_Collected data_.
=== Section Start ===
definition ytilde :: "nat \<Rightarrow> (nat \<Rightarrow> real) \<Rightarrow> int \<Rightarrow> real" where
  "ytilde n y j = y (nat (j mod int n)) + of_int (j div int n)"

end

theory Submission
  imports Defs "HOL-Analysis.Analysis"
begin

text \<open>For a fixed rotation c and shift s, each circular distance from x i + c to
y ((i + s) mod n) is realised by a point of the unrolled sequence ytilde whose index is congruent
to i + s modulo n. An assignment of such targets with pairwise distinct residues can be uncrossed:
swap two adjacent inverted targets, or, if the targets of the first and last point are more than a
period apart, swap them up to one period. By convexity of t \<mapsto> |t| powr p no uncrossing
increases the l_p norm, while the squared displacement of the target indices strictly decreases,
so one ends at a consecutive window of ytilde, a feasible point of the linear problem. Conversely,
reducing c modulo 1 and s modulo n turns a linear solution into a circular one that is no worse.\<close>

lemma convex_on_exchange_le:
  fixes f :: "real \<Rightarrow> real"
  assumes f: "convex_on UNIV f" and "a \<le> u" "u \<le> b" "u + w = a + b"
  shows "f u + f w \<le> f a + f b"
proof (cases "a = b")
  case True
  with assms show ?thesis by simp
next
  case False
  define t where "t = (u - a) / (b - a)"
  have t: "0 \<le> t" "t \<le> 1"
    using assms False by (auto simp: t_def field_simps)
  have "t * (b - a) = u - a"
    using False by (simp add: t_def)
  then have "u = (1 - t) *\<^sub>R a + t *\<^sub>R b" "w = (1 - (1 - t)) *\<^sub>R a + (1 - t) *\<^sub>R b"
    using assms by (simp_all add: algebra_simps)
  with convex_onD[OF f, of t a b] convex_onD[OF f, of "1 - t" a b] t
  have "f u + f w \<le> ((1 - t) * f a + t * f b) + (t * f a + (1 - t) * f b)"
    by simp
  also have "\<dots> = f a + f b"
    by (simp add: algebra_simps)
  finally show ?thesis .
qed

lemma convex_on_abs_powr:
  fixes q :: real
  assumes q: "1 \<le> q"
  shows "convex_on UNIV (\<lambda>x. \<bar>x\<bar> powr q)"
proof (rule convex_onI)
  fix t x y :: real
  assume t: "0 < t" "t < 1"
  have scaled: "(s * b) powr q \<le> s * b powr q" if "0 \<le> s" "s \<le> 1" "0 \<le> b" for s b :: real
  proof -
    have "s powr q \<le> s"
      using that q by (metis powr_one_gt_zero_iff powr_mono')
    then show ?thesis
      using that by (simp add: powr_mult mult_right_mono)
  qed
  have "\<bar>(1 - t) *\<^sub>R x + t *\<^sub>R y\<bar> powr q \<le> ((1 - t) * \<bar>x\<bar> + t * \<bar>y\<bar>) powr q"
    using t q abs_triangle_ineq[of "(1 - t) * x" "t * y"] by (intro powr_mono2) (auto simp: abs_mult)
  also have "\<dots> \<le> (1 - t) * \<bar>x\<bar> powr q + t * \<bar>y\<bar> powr q"
  proof (cases "x = 0 \<or> y = 0")
    case True
    then show ?thesis
      using t scaled[of t "\<bar>y\<bar>"] scaled[of "1 - t" "\<bar>x\<bar>"] by auto
  next
    case False
    then have "\<bar>x\<bar> \<in> {0<..}" "\<bar>y\<bar> \<in> {0<..}"
      by auto
    from convex_onD[OF powr_convex[OF q] _ _ this, of t] t show ?thesis
      by simp
  qed
  finally show "\<bar>(1 - t) *\<^sub>R x + t *\<^sub>R y\<bar> powr q \<le> (1 - t) * \<bar>x\<bar> powr q + t * \<bar>y\<bar> powr q" .
qed simp

lemma sum_change_two_points:
  fixes h h' :: "'a \<Rightarrow> 'b::ab_group_add"
  assumes "finite A" "i \<in> A" "j \<in> A" "i \<noteq> j" and same: "\<And>k. k \<noteq> i \<Longrightarrow> k \<noteq> j \<Longrightarrow> h' k = h k"
  shows "sum h' A = sum h A - (h i + h j) + (h' i + h' j)"
proof -
  have split: "sum g A = g i + g j + sum g (A - {i} - {j})" for g :: "'a \<Rightarrow> 'b"
    using assms by (simp add: sum.remove[of A i] sum.remove[of "A - {i}" j] algebra_simps)
  have "sum h' (A - {i} - {j}) = sum h (A - {i} - {j})"
    by (rule sum.cong) (auto simp: same)
  then show ?thesis
    using split[of h] split[of h'] by (simp add: algebra_simps)
qed

lemma lp_norm_nonneg:
  assumes "1 \<le> n"
  shows "0 \<le> lp_norm p n f"
proof -
  have "\<bar>f 0\<bar> \<le> Max ((\<lambda>i. \<bar>f i\<bar>) ` {0..<n})"
    using assms by (intro Max_ge) auto
  then have "0 \<le> Max ((\<lambda>i. \<bar>f i\<bar>) ` {0..<n})"
    by (meson abs_ge_zero order_trans)
  then show ?thesis
    by (simp add: lp_norm_def)
qed

lemma lp_norm_cong:
  assumes "\<And>i. i < n \<Longrightarrow> \<bar>f i\<bar> = \<bar>g i\<bar>"
  shows "lp_norm p n f = lp_norm p n g"
proof -
  have "(\<lambda>i. \<bar>f i\<bar>) ` {0..<n} = (\<lambda>i. \<bar>g i\<bar>) ` {0..<n}"
    using assms by auto
  moreover have "(\<Sum>i<n. \<bar>f i\<bar> powr real_of_ereal p) = (\<Sum>i<n. \<bar>g i\<bar> powr real_of_ereal p)"
    using assms by (intro sum.cong) auto
  ultimately show ?thesis
    unfolding lp_norm_def by simp
qed

lemma lp_norm_infinity_le:
  assumes "\<And>k. k < n \<Longrightarrow> \<exists>l<n. \<bar>f k\<bar> \<le> \<bar>g l\<bar>"
  shows "lp_norm \<infinity> n f \<le> lp_norm \<infinity> n g"
proof (cases "n = 0")
  case False
  have "\<bar>f k\<bar> \<le> Max ((\<lambda>i. \<bar>g i\<bar>) ` {0..<n})" if k: "k < n" for k
  proof -
    obtain l where "l < n" "\<bar>f k\<bar> \<le> \<bar>g l\<bar>"
      using assms[OF k] by blast
    moreover have "\<bar>g l\<bar> \<le> Max ((\<lambda>i. \<bar>g i\<bar>) ` {0..<n})"
      using \<open>l < n\<close> by (intro Max_ge) auto
    ultimately show ?thesis
      by linarith
  qed
  then show ?thesis
    using False unfolding lp_norm_def by (simp add: Max_le_iff)
qed (simp add: lp_norm_def)

lemma lp_norm_le_if_powr_sum_le:
  assumes p: "1 \<le> p" "p \<noteq> \<infinity>"
    and le: "(\<Sum>i<n. \<bar>f i\<bar> powr real_of_ereal p) \<le> (\<Sum>i<n. \<bar>g i\<bar> powr real_of_ereal p)"
  shows "lp_norm p n f \<le> lp_norm p n g"
proof -
  have "0 < real_of_ereal p"
    using p by (cases p) auto
  with le have "(\<Sum>i<n. \<bar>f i\<bar> powr real_of_ereal p) powr (1 / real_of_ereal p)
      \<le> (\<Sum>i<n. \<bar>g i\<bar> powr real_of_ereal p) powr (1 / real_of_ereal p)"
    by (intro powr_mono2) (auto intro: sum_nonneg)
  then show ?thesis
    using p by (simp add: lp_norm_def)
qed

lemma lp_norm_mono:
  assumes p: "1 \<le> p" and le: "\<And>i. i < n \<Longrightarrow> \<bar>f i\<bar> \<le> \<bar>g i\<bar>"
  shows "lp_norm p n f \<le> lp_norm p n g"
proof (cases "p = \<infinity>")
  case True
  then show ?thesis
    using le by (auto intro: lp_norm_infinity_le)
next
  case False
  have "0 < real_of_ereal p"
    using p False by (cases p) auto
  then show ?thesis
    using p False le by (intro lp_norm_le_if_powr_sum_le sum_mono powr_mono2) auto
qed
lemma weak_star_limit_invariant:
  fixes act :: "'g::{group_add,topological_space} \<Rightarrow> 'x::metric_space \<Rightarrow> 'x"
  assumes "continuous_action act" "\<And>n. borel_prob (\<mu>s n)"
    "\<And>n. invariant_measure act (\<mu>s n)" "borel_prob \<mu>" "weak_star_converges \<mu>s \<mu>"
  shows "invariant_measure act \<mu>"
proof -
  have sets_eq: "sets \<mu> = sets borel" and prob: "prob_space \<mu>"
    using assms(4) unfolding borel_prob_def by auto
  have T: "act g \<in> measurable N borel" if "sets N = sets borel" for g and N :: "'x measure"
    using borel_measurable_continuous_on_sets_borel[OF that continuous_action_continuous_on[OF assms(1)]] .
  have "distr \<mu> borel (act g) = \<mu>" for g
  proof (rule finite_measure_eq_if_integral_continuous_eq)
    show "finite_measure (distr \<mu> borel (act g))"
      using prob_space.prob_space_distr[OF prob T[OF sets_eq]] by (rule prob_space.finite_measure)
    show "finite_measure \<mu>" using prob by (rule prob_space.finite_measure)
    fix \<phi> :: "'x \<Rightarrow> real" assume \<phi>: "continuous_on UNIV \<phi>"
    have \<phi>_m: "\<phi> \<in> borel_measurable borel" using borel_measurable_continuous_onI[OF \<phi>] .
    have "(\<integral>x. \<phi> (act g x) \<partial>\<mu>s n) = (\<integral>x. \<phi> x \<partial>\<mu>s n)" for n
      using assms(2) integral_distr[OF T \<phi>_m, of "\<mu>s n" g]
        distr_eq_if_invariant_measure[OF assms(2,3,1)] unfolding borel_prob_def by simp
    moreover have "(\<lambda>n. \<integral>x. \<phi> (act g x) \<partial>\<mu>s n) \<longlonglongrightarrow> (\<integral>x. \<phi> (act g x) \<partial>\<mu>)"
      using assms(5) continuous_on_compose2[OF \<phi> continuous_action_continuous_on[OF assms(1)]]
      unfolding weak_star_converges_def by simp
    ultimately have "(\<integral>x. \<phi> (act g x) \<partial>\<mu>) = (\<integral>x. \<phi> x \<partial>\<mu>)"
      using assms(5) \<phi> LIMSEQ_unique unfolding weak_star_converges_def by fastforce
    then show "(\<integral>x. \<phi> x \<partial>distr \<mu> borel (act g)) = (\<integral>x. \<phi> x \<partial>\<mu>)"
      using integral_distr[OF T[OF sets_eq] \<phi>_m] by simp
  qed (use sets_eq in simp_all)
  then show ?thesis by (rule invariant_measure_if_distr_eq[OF sets_eq assms(1)])
qed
=== Section End ===
_Task details_. Copy each line of the preceding data that contains the string "lemma".

_Result_.
lemma convex_on_exchange_le:
lemma convex_on_abs_powr:
lemma sum_change_two_points:
lemma lp_norm_nonneg:
lemma lp_norm_cong:
lemma lp_norm_infinity_le:
lemma lp_norm_le_if_powr_sum_le:
lemma lp_norm_mono:
lemma weak_star_limit_invariant:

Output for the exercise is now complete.